_Exercise requirements:_ Some of the lines below need repeating. Reproduce exactly those between the lines holding "complex_of_real (Re c)" and "by (metis cscale_of_real of_real_1", inclusive.

_Dataset extract:_
(* Let $H$, $L$ be as in the context with $L\mid Z$, let $k$ be an integer with $1\le k\le L-1$, and let $\mathcal T_0=\{x\in[MZ): x\equiv 0\pmod L\}$. Then $(1,\mathcal T_0)$ is a feasible solution with layer distance $d(1,\mathcal T_0)\ge k$ if and only if for every $j\in[NZ)$: (i) $\mathcal N(v_j)\cap\mathcal N(v_{\pi^t(j)})=\emptyset$ for all $t\in[1,k)$, and (ii) $\big|\{x\in\bigcup_{t\in[k)}\mathcal N(v_{\pi^t(j)}): x\equiv 0\pmod L\}\big|\le 1$.
   Context: Notation: $[a,b)=\{a,\dots,b-1\}$, $[n)=[0,n)$. Let $M,N,Z$ be positive integers and let $H$ be a binary $MZ\times NZ$ matrix made of $M\times N$ blocks, each a $Z\times Z$ circulant; assume $H$ has no zero row and no two identical rows. For $j\in[NZ)$, $\mathcal N(v_j)=\{i\in[MZ):H[i][j]=1\}$. For an index $i$ (a row index in $[MZ)$ or a column index in $[NZ)$) and an integer $s$, $\pi^s(i)=Z\lfloor i/Z\rfloor+((i+s)\bmod Z)$; for a set $\mathcal T$ of row indices, $\pi^s(\mathcal T)=\{\pi^s(x):x\in\mathcal T\}$. For $\mathcal A\subseteq[MZ)$, $H_{\mathcal A}$ is the submatrix of rows indexed by $\mathcal A$; $\omega(A)$ is the maximum Hamming weight of a column of $A$ ($\omega$ of the empty matrix is $0$). Fix an integer $L>1$. A pair $(S,\mathcal T_0)$ ($S$ a positive integer, $\mathcal T_0\subseteq[MZ)$) is a feasible solution if, with $\mathcal T_l=\pi^{lS}(\mathcal T_0)$ for $l\in[L)$, the sets $\mathcal T_0,\dots,\mathcal T_{L-1}$ are pairwise disjoint with union $[MZ)$. The layer distance $d(S,\mathcal T_0)$ is the largest $l\in[L)$ such that the vertical stack of $H_{\mathcal T_0},\dots,H_{\mathcal T_{l-1}}$ has maximum column weight at most $1$. *)

theory Defs
  imports Main
begin

definition pi_shift :: "nat \<Rightarrow> nat \<Rightarrow> nat \<Rightarrow> nat" where
  "pi_shift Z s i = Z * (i div Z) + (i + s) mod Z"

text \<open>H (an MZ x NZ binary matrix, as a boolean function on indices) consists of
  Z x Z circulant blocks: shifting row and column by one inside their blocks preserves entries.\<close>
definition circulant_blocks :: "nat \<Rightarrow> nat \<Rightarrow> nat \<Rightarrow> (nat \<Rightarrow> nat \<Rightarrow> bool) \<Rightarrow> bool" where
  "circulant_blocks M N Z H \<longleftrightarrow>
     (\<forall>i<M*Z. \<forall>j<N*Z. H (pi_shift Z 1 i) (pi_shift Z 1 j) = H i j)"

definition no_zero_row :: "nat \<Rightarrow> nat \<Rightarrow> nat \<Rightarrow> (nat \<Rightarrow> nat \<Rightarrow> bool) \<Rightarrow> bool" where
  "no_zero_row M N Z H \<longleftrightarrow> (\<forall>i<M*Z. \<exists>j<N*Z. H i j)"

definition no_identical_rows :: "nat \<Rightarrow> nat \<Rightarrow> nat \<Rightarrow> (nat \<Rightarrow> nat \<Rightarrow> bool) \<Rightarrow> bool" where
  "no_identical_rows M N Z H \<longleftrightarrow>
     (\<forall>i<M*Z. \<forall>i'<M*Z. i \<noteq> i' \<longrightarrow> (\<exists>j<N*Z. H i j \<noteq> H i' j))"

definition nbr :: "nat \<Rightarrow> nat \<Rightarrow> (nat \<Rightarrow> nat \<Rightarrow> bool) \<Rightarrow> nat \<Rightarrow> nat set" where
  "nbr M Z H j = {i. i < M*Z \<and> H i j}"

definition layer :: "nat \<Rightarrow> nat \<Rightarrow> nat set \<Rightarrow> nat \<Rightarrow> nat set" where
  "layer Z S T0 l = pi_shift Z (l*S) ` T0"
text \<open>\<alpha>-equivalent binders have identical instances M[x ::= N], so only their domains
need context conversion.\<close>

lemma has_typ_alpha: "\<Gamma> \<turnstile> P : C \<Longrightarrow> P =\<^sub>\<alpha> P' \<Longrightarrow> \<Gamma> \<turnstile> P' : C"
proof (induction arbitrary: P' rule: has_typ_induct)
  case (sort \<Gamma> s1 s2)
  then show ?case by (auto elim: alpha_CstE intro: typ_sort)
next
  case (var \<Gamma> x A)
  then show ?case by (auto elim: alpha_VarE intro: typ_var)
next
  case (prod s1 s2 s3 \<Gamma> A B x)
  from prod.prems obtain x' A' B' where P': "P' = Pi x' A' B'" and "A =\<^sub>\<alpha> A'"
    and B': "\<And>N. B[x ::= N] = B'[x' ::= N]" by (rule alpha_PiE) blast
  then have A': "\<Gamma> \<turnstile> A' : Cst s1" and "A' =\<^sub>\<beta> A"
    using prod.IH by (auto intro: bconv.c_alpha alpha_sym)
  have "(y, A') # \<Gamma> \<turnstile> B'[x' ::= Var y] : Cst s2" if "y \<notin> set (map fst \<Gamma>)" for y
    using prod that A' \<open>A' =\<^sub>\<beta> A\<close> by (metis B' has_typ_ctx_conv)
  with A' show ?case
    unfolding P' by (blast intro: typ_prod[OF prod(1)])
next
  case (abs s1 s2 s3 \<Gamma> A B y M x)
  from abs.prems obtain x' A' M' where P': "P' = Lam x' A' M'" and "A =\<^sub>\<alpha> A'"
    and M': "\<And>N. M[x ::= N] = M'[x' ::= N]" by (rule alpha_LamE) blast
  then have A': "\<Gamma> \<turnstile> A' : Cst s1" and conv: "A' =\<^sub>\<beta> A"
    using abs.IH by (auto intro: bconv.c_alpha alpha_sym)
  have "(z, A') # \<Gamma> \<turnstile> B[y ::= Var z] : Cst s2"
    and "(z, A') # \<Gamma> \<turnstile> M'[x' ::= Var z] : B[y ::= Var z]"
    if "z \<notin> set (map fst \<Gamma>)" for z
    using abs that A' conv by (metis M' has_typ_ctx_conv)+
  with A' have "\<Gamma> \<turnstile> Lam x' A' M' : Pi y A' B"
    by (blast intro: typ_abs[OF abs(1)])
  moreover have "\<Gamma> \<turnstile> Pi y A B : Cst s3"
    using abs by (blast intro: typ_prod[OF abs(1)])
  ultimately show ?case
    unfolding P' by (blast intro: typ_conv bconv_Pi conv bconv.c_refl)
next
  case (app \<Gamma> M x A B N s)
  from app.prems obtain M' N' where P': "P' = App M' N'" and "M =\<^sub>\<alpha> M'" and "N =\<^sub>\<alpha> N'"
    by (rule alpha_AppE)
  moreover have B: "B[x ::= N] =\<^sub>\<alpha> B[x ::= N']"
    unfolding usubst_def using \<open>N =\<^sub>\<alpha> N'\<close> by (intro alpha_sbst_cong) (simp add: alpha_refl)
  ultimately have "\<Gamma> \<turnstile> App M' N' : B[x ::= N']"
    using app.IH by (blast intro: typ_app)
  then show ?case
    unfolding P' using app B by (blast intro: typ_conv bconv.c_alpha alpha_sym)
next
  case (conv \<Gamma> M A B s)
  then show ?case by (blast intro: typ_conv)
qed

lemma has_typ_sbst_Var: "\<Gamma> \<turnstile> M : A \<Longrightarrow> \<Gamma> \<turnstile> M \<bullet> Var : A"
  using has_typ_alpha alpha_sbst_Var by blast

lemma wt_subst_extend:
  assumes wt: "\<sigma> : \<Gamma> \<rightharpoonup> \<Delta>" and wf: "wf_ctx ((z, A \<bullet> \<sigma>) # \<Delta>)" and "finite F"
  obtains w where "w \<notin> F" and "w \<notin> set (map fst \<Gamma>)"
    and "\<sigma>(w := Var z) : (w, A) # \<Gamma> \<rightharpoonup> (z, A \<bullet> \<sigma>) # \<Delta>"
proof -
  let ?avoid = "F \<union> set (map fst \<Gamma> @ fv A @ concat (map (fv \<circ> snd) \<Gamma>))"
  have "finite ?avoid" using \<open>finite F\<close> by simp
  then obtain w where w: "w \<notin> ?avoid" using ex_fresh by blast
  have "\<sigma>(w := Var z) : (w, A) # \<Gamma> \<rightharpoonup> (z, A \<bullet> \<sigma>) # \<Delta>"
    unfolding wt_subst_def
  proof (intro allI impI)
    fix v C assume "(v, C) \<in> set ((w, A) # \<Gamma>)"
    then consider "v = w" "C = A" | "(v, C) \<in> set \<Gamma>" by auto
    then show "(z, A \<bullet> \<sigma>) # \<Delta> \<turnstile> (\<sigma>(w := Var z)) v : C \<bullet> \<sigma>(w := Var z)"
    proof cases
      case 1
      have "A \<bullet> \<sigma>(w := Var z) = A \<bullet> \<sigma>" using w by (intro sbst_cong) auto
      with 1 show ?thesis using typ_var[OF wf] by simp
    next
      case 2
      with w have "v \<noteq> w" and "C \<bullet> \<sigma>(w := Var z) = C \<bullet> \<sigma>"
        by (force, intro sbst_cong, force)
      moreover have "\<Delta> \<turnstile> \<sigma> v : C \<bullet> \<sigma>" using wt 2 unfolding wt_subst_def by blast
      ultimately show ?thesis using has_typ_weaken_cons[OF _ wf] by simp
    qed
  qed
  with w show ?thesis by (intro that) auto
qed

text \<open>The premises of (prod) and (abs) are instantiated at a name w fresh for the bodies, on
which \<sigma>(w := Var z) acts as \<sigma>(x := Var z) does on M.\<close>

lemma has_typ_body_sbst:
  assumes IH: "\<And>w \<sigma>' \<Delta>'. w \<notin> set (map fst \<Gamma>) \<Longrightarrow> \<sigma>' : (w, A) # \<Gamma> \<rightharpoonup> \<Delta>' \<Longrightarrow> wf_ctx \<Delta>' \<Longrightarrow>
      \<Delta>' \<turnstile> M[x ::= Var w] \<bullet> \<sigma>' : B[y ::= Var w] \<bullet> \<sigma>'"
    and wt: "\<sigma> : \<Gamma> \<rightharpoonup> \<Delta>" and wf: "wf_ctx ((z, A \<bullet> \<sigma>) # \<Delta>)"
  shows "(z, A \<bullet> \<sigma>) # \<Delta> \<turnstile> M \<bullet> \<sigma>(x := Var z) : B \<bullet> \<sigma>(y := Var z)"
proof -
  obtain w where w: "w \<notin> set (fv M @ fv B)" "w \<notin> set (map fst \<Gamma>)"
    and "\<sigma>(w := Var z) : (w, A) # \<Gamma> \<rightharpoonup> (z, A \<bullet> \<sigma>) # \<Delta>"
    by (rule wt_subst_extend[OF wt wf finite_set])
  with IH wf have "(z, A \<bullet> \<sigma>) # \<Delta> \<turnstile> M[x ::= Var w] \<bullet> \<sigma>(w := Var z) : B[y ::= Var w] \<bullet> \<sigma>(w := Var z)"
    by blast
  with w show ?thesis by (simp add: usubst_Var_sbst)
qed
text \<open>A complex Hilbert space is modelled as a real Hilbert space (real inner product,
complete) equipped with a compatible complex scalar multiplication; the complex inner
product is then recovered as cinner below (linear in the second argument).\<close>

class chilbert = real_inner + complete_space +
  fixes cscale :: "complex \<Rightarrow> 'a \<Rightarrow> 'a"
  assumes cscale_of_real: "cscale (complex_of_real r) x = scaleR r x"
    and cscale_add_left: "cscale (a + b) x = cscale a x + cscale b x"
    and cscale_add_right: "cscale a (x + y) = cscale a x + cscale a y"
    and cscale_mult: "cscale (a * b) x = cscale a (cscale b x)"
    and inner_cscale_ii: "inner (cscale \<i> x) (cscale \<i> y) = inner x y"

definition cinner :: "'a::chilbert \<Rightarrow> 'a \<Rightarrow> complex" where
  "cinner x y = Complex (inner x y) (inner (cscale \<i> x) y)"

text \<open>Direct sum of finitely many copies of a complex Hilbert space, H^n = C^n \<otimes> H.\<close>

instantiation vec :: (chilbert, finite) chilbert
begin
definition cscale_vec :: "complex \<Rightarrow> 'a ^ 'b \<Rightarrow> 'a ^ 'b" where
  "cscale_vec c x = (\<chi> i. cscale c (x $ i))"
instance
  by standard (simp_all add: cscale_vec_def vec_eq_iff scaleR_vec_def inner_vec_def
      cscale_of_real cscale_add_left cscale_add_right cscale_mult inner_cscale_ii)
end

definition cblinear :: "('a::chilbert \<Rightarrow> 'a) \<Rightarrow> bool" where
  "cblinear A \<longleftrightarrow> bounded_linear A \<and> (\<forall>c x. A (cscale c x) = cscale c (A x))"

definition adj :: "('a::chilbert \<Rightarrow> 'a) \<Rightarrow> ('a \<Rightarrow> 'a)" where
  "adj A = (SOME B. cblinear B \<and> (\<forall>x y. cinner (A x) y = cinner x (B y)))"

definition commutant :: "('a::chilbert \<Rightarrow> 'a) set \<Rightarrow> ('a \<Rightarrow> 'a) set" where
  "commutant S = {B. cblinear B \<and> (\<forall>A\<in>S. A \<circ> B = B \<circ> A)}"

text \<open>Von Neumann algebra: a self-adjoint set of bounded operators equal to its double
commutant (equivalently, by the bicommutant theorem, a weak-operator closed unital
*-subalgebra of B(H)).\<close>

definition von_neumann_algebra :: "('a::chilbert \<Rightarrow> 'a) set \<Rightarrow> bool" where
  "von_neumann_algebra M \<longleftrightarrow>
     (\<forall>A\<in>M. cblinear A) \<and> (\<forall>A\<in>M. adj A \<in> M) \<and> commutant (commutant M) = M"

definition center :: "('a::chilbert \<Rightarrow> 'a) set \<Rightarrow> ('a \<Rightarrow> 'a) set" where
  "center M = M \<inter> commutant M"

definition Wstar :: "('a::chilbert \<Rightarrow> 'a) \<Rightarrow> ('a \<Rightarrow> 'a) set" where
  "Wstar T = commutant (commutant {T, adj T})"

definition irreducible_in :: "('a::chilbert \<Rightarrow> 'a) set \<Rightarrow> ('a \<Rightarrow> 'a) \<Rightarrow> bool" where
  "irreducible_in M T \<longleftrightarrow> T \<in> M \<and> commutant (Wstar T) \<inter> M = center M"

definition is_projection :: "('a::chilbert \<Rightarrow> 'a) \<Rightarrow> bool" where
  "is_projection P \<longleftrightarrow> cblinear P \<and> P \<circ> P = P \<and> adj P = P"

definition self_adjoint :: "('a::chilbert \<Rightarrow> 'a) \<Rightarrow> bool" where
  "self_adjoint B \<longleftrightarrow> cblinear B \<and> adj B = B"

section \<open>M_n(C) \<otimes> N, realised as n \<times> n operator matrices with entries in N acting on H^n\<close>

definition op_matrix :: "('n::finite \<Rightarrow> 'n \<Rightarrow> ('a::chilbert \<Rightarrow> 'a)) \<Rightarrow> ('a ^ 'n \<Rightarrow> 'a ^ 'n)" where
  "op_matrix A x = (\<chi> i. \<Sum>j\<in>UNIV. A i j (x $ j))"

definition matrix_tensor :: "('a::chilbert \<Rightarrow> 'a) set \<Rightarrow> ('a ^ 'n::finite \<Rightarrow> 'a ^ 'n) set" where
  "matrix_tensor N = {op_matrix A | A. \<forall>i j. A i j \<in> N}"

end

theory Submission
  imports Defs
begin

text \<open>An irreducible S in N splits as S = H + iK with H, K self-adjoint in N. For indices
a \<noteq> b and distinct reals d, take P = E_aa \<otimes> 1 and let B be the self-adjoint arrowhead
matrix with diagonal (H at a, K at b, d_c elsewhere) and entries 1 off the diagonal in row and
column b. Since W*(P + iB)' is the commutant of {P, B}, it suffices to compare matrix entries:
an operator matrix commuting with P and B is diagonal with a constant entry x that commutes
with H and K, hence with S and S*. Irreducibility of S puts x in the centre of N, so the matrix
is central in M_n(N). Adjoints exist by the Riesz representation theorem, obtained from the
point of minimal norm in a closed convex set.\<close>

lemma cscale_Re_Im: "cscale c (x::'a::chilbert) = Re c *\<^sub>R x + Im c *\<^sub>R cscale \<i> x"
proof -
  have "c = complex_of_real (Re c) + complex_of_real (Im c) * \<i>"
    by (simp add: complex_eq_iff)
  then show ?thesis
    by (metis cscale_add_left cscale_mult cscale_of_real)
qed

lemma cscale_scaleR: "cscale c (r *\<^sub>R (x::'a::chilbert)) = r *\<^sub>R cscale c x"
  by (metis cscale_mult cscale_of_real mult.commute)

lemma cscale_zero_right [simp]: "cscale c (0::'a::chilbert) = 0"
  by (metis cscale_scaleR scale_zero_left)

lemma cscale_zero_left [simp]: "cscale 0 (x::'a::chilbert) = 0"
  by (metis cscale_of_real of_real_0 scale_zero_left)

lemma cscale_one [simp]: "cscale 1 (x::'a::chilbert) = x"
  by (metis cscale_of_real of_real_1 scale_one)

lemma cscale_minus_left: "cscale (- c) (x::'a::chilbert) = - cscale c x"
  by (metis add.right_inverse add_eq_0_iff2 cscale_add_left cscale_zero_left)

lemma cscale_ii_ii: "cscale \<i> (cscale \<i> (x::'a::chilbert)) = - x"
  by (metis complex_i_mult_minus cscale_minus_left cscale_mult cscale_one)

lemma inner_cscale_ii_left: "inner (cscale \<i> x) (y::'a::chilbert) = - inner x (cscale \<i> y)"
  by (metis cscale_ii_ii inner_cscale_ii inner_minus_left)

lemma norm_cscale_ii: "norm (cscale \<i> (x::'a::chilbert)) = norm x"
  by (simp add: norm_eq_sqrt_inner inner_cscale_ii)

lemma bounded_linear_cscale: "bounded_linear (cscale c :: 'a::chilbert \<Rightarrow> 'a)"
proof
  fix x y :: 'a and r :: real
  show "cscale c (x + y) = cscale c x + cscale c y" by (rule cscale_add_right)
  show "cscale c (r *\<^sub>R x) = r *\<^sub>R cscale c x" by (rule cscale_scaleR)
  have "norm (cscale c x) \<le> norm x * (\<bar>Re c\<bar> + \<bar>Im c\<bar>)" for x
    using norm_triangle_ineq[of "Re c *\<^sub>R x" "Im c *\<^sub>R cscale \<i> x"]
    by (simp add: cscale_Re_Im[of c x] norm_cscale_ii algebra_simps)
  then show "\<exists>K. \<forall>x::'a. norm (cscale c x) \<le> norm x * K" by blast
qed

lemma cscale_sum: "cscale c (sum f A) = (\<Sum>x\<in>A. cscale c (f x :: 'a::chilbert))"
  by (rule linear_sum[OF bounded_linear.linear[OF bounded_linear_cscale]])

lemma inner_cscale_right: "inner u (cscale c (v::'a::chilbert)) = inner (cscale (cnj c) u) v"
  by (simp add: cscale_Re_Im[of c v] cscale_Re_Im[of "cnj c" u] inner_add_right inner_add_left
      inner_diff_left inner_cscale_ii_left)

lemma cinner_add_left: "cinner (x + y) (z::'a::chilbert) = cinner x z + cinner y z"
  by (simp add: complex_eq_iff cinner_def cscale_add_right inner_add_left)

lemma cinner_add_right: "cinner z (x + (y::'a::chilbert)) = cinner z x + cinner z y"
  by (simp add: complex_eq_iff cinner_def inner_add_right)

lemma cinner_cscale_right: "cinner x (cscale c (y::'a::chilbert)) = c * cinner x y"
  by (simp add: cinner_def complex_eq_iff cscale_Re_Im[of c y] inner_add_right inner_cscale_ii
      inner_cscale_ii_left cscale_ii_ii)

lemma cinner_commute: "cinner y (x::'a::chilbert) = cnj (cinner x y)"
  by (simp add: cinner_def complex_eq_iff inner_commute[of x "cscale \<i> y"] inner_cscale_ii_left
      inner_commute[of x y])

lemma cinner_cscale_left: "cinner (cscale c x) (y::'a::chilbert) = cnj c * cinner x y"
  by (metis cinner_commute cinner_cscale_right complex_cnj_mult)

lemma cinner_sum_left: "cinner (sum f A) (y::'a::chilbert) = (\<Sum>i\<in>A. cinner (f i) y)"
  by (simp add: complex_eq_iff cinner_def Re_sum Im_sum cscale_sum inner_sum_left)

lemma cinner_sum_right: "cinner y (sum f A) = (\<Sum>i\<in>A. cinner (y::'a::chilbert) (f i))"
  by (simp add: complex_eq_iff cinner_def Re_sum Im_sum inner_sum_right)

lemma cinner_vec: "cinner (x::'a::chilbert^'n) y = (\<Sum>i\<in>UNIV. cinner (x$i) (y$i))"
  by (simp add: complex_eq_iff cinner_def inner_vec_def cscale_vec_def)

lemma cinner_eq_right: "(\<And>x. cinner x u = cinner x (v::'a::chilbert)) \<Longrightarrow> u = v"
  by (metis cinner_def complex.sel(1) inner_diff_right inner_eq_zero_iff right_minus_eq)

section \<open>Riesz representation\<close>

lemma minimizing_sequence_Cauchy:
  fixes u :: "nat \<Rightarrow> 'a::real_inner"
  assumes "convex S" and u_mem: "\<And>n. u n \<in> S" and d_le: "\<And>x. x \<in> S \<Longrightarrow> d \<le> norm x"
    and "d \<ge> 0" and u_norm: "\<And>n. norm (u n) ^ 2 < d\<^sup>2 + 1 / (real n + 1)"
  shows "Cauchy u"
proof (rule metric_CauchyI)
  have dist_u: "norm (u m - u n) ^ 2 < 2 / (real m + 1) + 2 / (real n + 1)" for m n
  proof -
    have "(1/2) *\<^sub>R (u m + u n) \<in> S"
      using convexD[OF \<open>convex S\<close> u_mem u_mem, of "1/2" "1/2"] by (simp add: scaleR_right_distrib)
    then have "d\<^sup>2 \<le> norm ((1/2) *\<^sub>R (u m + u n)) ^ 2"
      using d_le \<open>d \<ge> 0\<close> power_mono by blast
    then have "4 * d\<^sup>2 \<le> norm (u m + u n) ^ 2" by (simp add: power2_eq_square)
    moreover have "norm (u m - u n) ^ 2
        = 2 * norm (u m) ^ 2 + 2 * norm (u n) ^ 2 - norm (u m + u n) ^ 2"
      by (simp add: power2_norm_eq_inner inner_add_left inner_add_right inner_diff_left
          inner_diff_right inner_commute)
    ultimately show ?thesis using u_norm[of m] u_norm[of n] by linarith
  qed
  fix e :: real assume "e > 0"
  obtain M :: nat where M: "4 / e\<^sup>2 < real M" using reals_Archimedean2 by blast
  have small: "2 / (real n + 1) < e\<^sup>2 / 2" if "n \<ge> M" for n
  proof -
    have "4 / e\<^sup>2 < real n + 1" using M that by linarith
    then show ?thesis using \<open>e > 0\<close> by (simp add: field_simps)
  qed
  have "dist (u m) (u n) < e" if "m \<ge> M" "n \<ge> M" for m n
  proof -
    have "norm (u m - u n) ^ 2 < e\<^sup>2"
      using dist_u[of m n] small[OF that(1)] small[OF that(2)] by linarith
    then show ?thesis using \<open>e > 0\<close> by (simp add: dist_norm power_less_imp_less_base)
  qed
  then show "\<exists>M. \<forall>m\<ge>M. \<forall>n\<ge>M. dist (u m) (u n) < e" by blast
qed

lemma exists_min_norm_point:
  fixes S :: "'a::{real_inner,complete_space} set"
  assumes "closed S" "convex S" "S \<noteq> {}"
  obtains w where "w \<in> S" "\<And>x. x \<in> S \<Longrightarrow> norm w \<le> norm x"
proof -
  define d where "d = Inf (norm ` S)"
  have bdd: "bdd_below (norm ` S)" by (rule bdd_belowI[of _ 0]) auto
  have d_le: "d \<le> norm x" if "x \<in> S" for x
    unfolding d_def using bdd that by (simp add: cInf_lower)
  have d_nonneg: "d \<ge> 0" unfolding d_def using assms(3) by (intro cInf_greatest) auto
  have "\<exists>x\<in>S. norm x ^ 2 < d\<^sup>2 + 1 / (real n + 1)" for n :: nat
  proof -
    have "Inf (norm ` S) < sqrt (d\<^sup>2 + 1 / (real n + 1))"
      unfolding d_def[symmetric] by (rule real_less_rsqrt) simp
    then obtain x where "x \<in> S" "norm x < sqrt (d\<^sup>2 + 1 / (real n + 1))"
      using cInf_lessD[of "norm ` S"] assms(3) by auto
    then show ?thesis using real_sqrt_less_iff[of "norm x ^ 2"] by auto
  qed
  then obtain u where u: "\<And>n. u n \<in> S" "\<And>n. norm (u n) ^ 2 < d\<^sup>2 + 1 / (real n + 1)"
    by metis
  then have "Cauchy u"
    using minimizing_sequence_Cauchy[OF \<open>convex S\<close> _ d_le d_nonneg] by blast
  then obtain w where lim: "u \<longlonglongrightarrow> w" using convergent_eq_Cauchy by blast
  have "w \<in> S" using closed_sequentially[OF assms(1) u(1) lim] .
  moreover have "norm w ^ 2 \<le> d\<^sup>2"
  proof (rule LIMSEQ_le)
    show "(\<lambda>n. norm (u n) ^ 2) \<longlonglongrightarrow> norm w ^ 2"
      by (intro tendsto_intros lim)
    show "(\<lambda>n. d\<^sup>2 + 1 / (real n + 1)) \<longlonglongrightarrow> d\<^sup>2"
      using LIMSEQ_inverse_real_of_nat_add[of "d\<^sup>2"] by (simp add: inverse_eq_divide add.commute)
  qed (use u(2) less_imp_le in blast)
  then have "norm w \<le> d" using d_nonneg by (simp add: power2_le_iff_abs_le)
  ultimately show ?thesis using that d_le by force
qed

lemma riesz_representation:
  fixes f :: "'a::{real_inner,complete_space} \<Rightarrow> real"
  assumes "bounded_linear f"
  obtains z where "\<And>x. f x = inner x z"
proof (cases "\<forall>x. f x = 0")
  case True
  then show ?thesis using that[of 0] by simp
next
  case False
  interpret f: bounded_linear f by fact
  obtain x0 where "f x0 \<noteq> 0" using False by blast
  define S where "S = {x. f x = 1}"
  have "x0 /\<^sub>R f x0 \<in> S" unfolding S_def using \<open>f x0 \<noteq> 0\<close> by (simp add: f.scale)
  moreover have "closed S"
    unfolding S_def by (intro closed_Collect_eq continuous_intros f.continuous_on)
  moreover have "convex S"
    unfolding S_def convex_def by (auto simp: f.add f.scale algebra_simps)
  ultimately obtain w where "w \<in> S" and w_min: "\<And>x. x \<in> S \<Longrightarrow> norm w \<le> norm x"
    using exists_min_norm_point by blast
  then have fw: "f w = 1" unfolding S_def by simp
  have orth: "inner w k = 0" if "f k = 0" for k
  proof -
    have "inner (0 - w) ((w + t *\<^sub>R k) - w) \<le> 0" for t
    proof (rule any_closest_point_dot[OF \<open>convex S\<close> \<open>closed S\<close> \<open>w \<in> S\<close>])
      show "w + t *\<^sub>R k \<in> S" unfolding S_def using fw that by (simp add: f.add f.scale)
    qed (use w_min in \<open>simp add: dist_norm\<close>)
    from this[of 1] this[of "-1"] show ?thesis by simp
  qed
  have "inner w w \<noteq> 0" using fw by auto
  have "f x = inner x ((1 / inner w w) *\<^sub>R w)" for x
  proof -
    have "inner w (x - f x *\<^sub>R w) = 0" using fw by (intro orth) (simp add: f.diff f.scale)
    then show ?thesis
      using \<open>inner w w \<noteq> 0\<close> by (simp add: inner_diff_right inner_commute field_simps)
  qed
  then show ?thesis by (rule that)
qed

_Answer below:_
  have "c = complex_of_real (Re c) + complex_of_real (Im c) * \<i>"
    by (simp add: complex_eq_iff)
  then show ?thesis
    by (metis cscale_add_left cscale_mult cscale_of_real)
qed

lemma cscale_scaleR: "cscale c (r *\<^sub>R (x::'a::chilbert)) = r *\<^sub>R cscale c x"
  by (metis cscale_mult cscale_of_real mult.commute)

lemma cscale_zero_right [simp]: "cscale c (0::'a::chilbert) = 0"
  by (metis cscale_scaleR scale_zero_left)

lemma cscale_zero_left [simp]: "cscale 0 (x::'a::chilbert) = 0"
  by (metis cscale_of_real of_real_0 scale_zero_left)

lemma cscale_one [simp]: "cscale 1 (x::'a::chilbert) = x"
  by (metis cscale_of_real of_real_1 scale_one)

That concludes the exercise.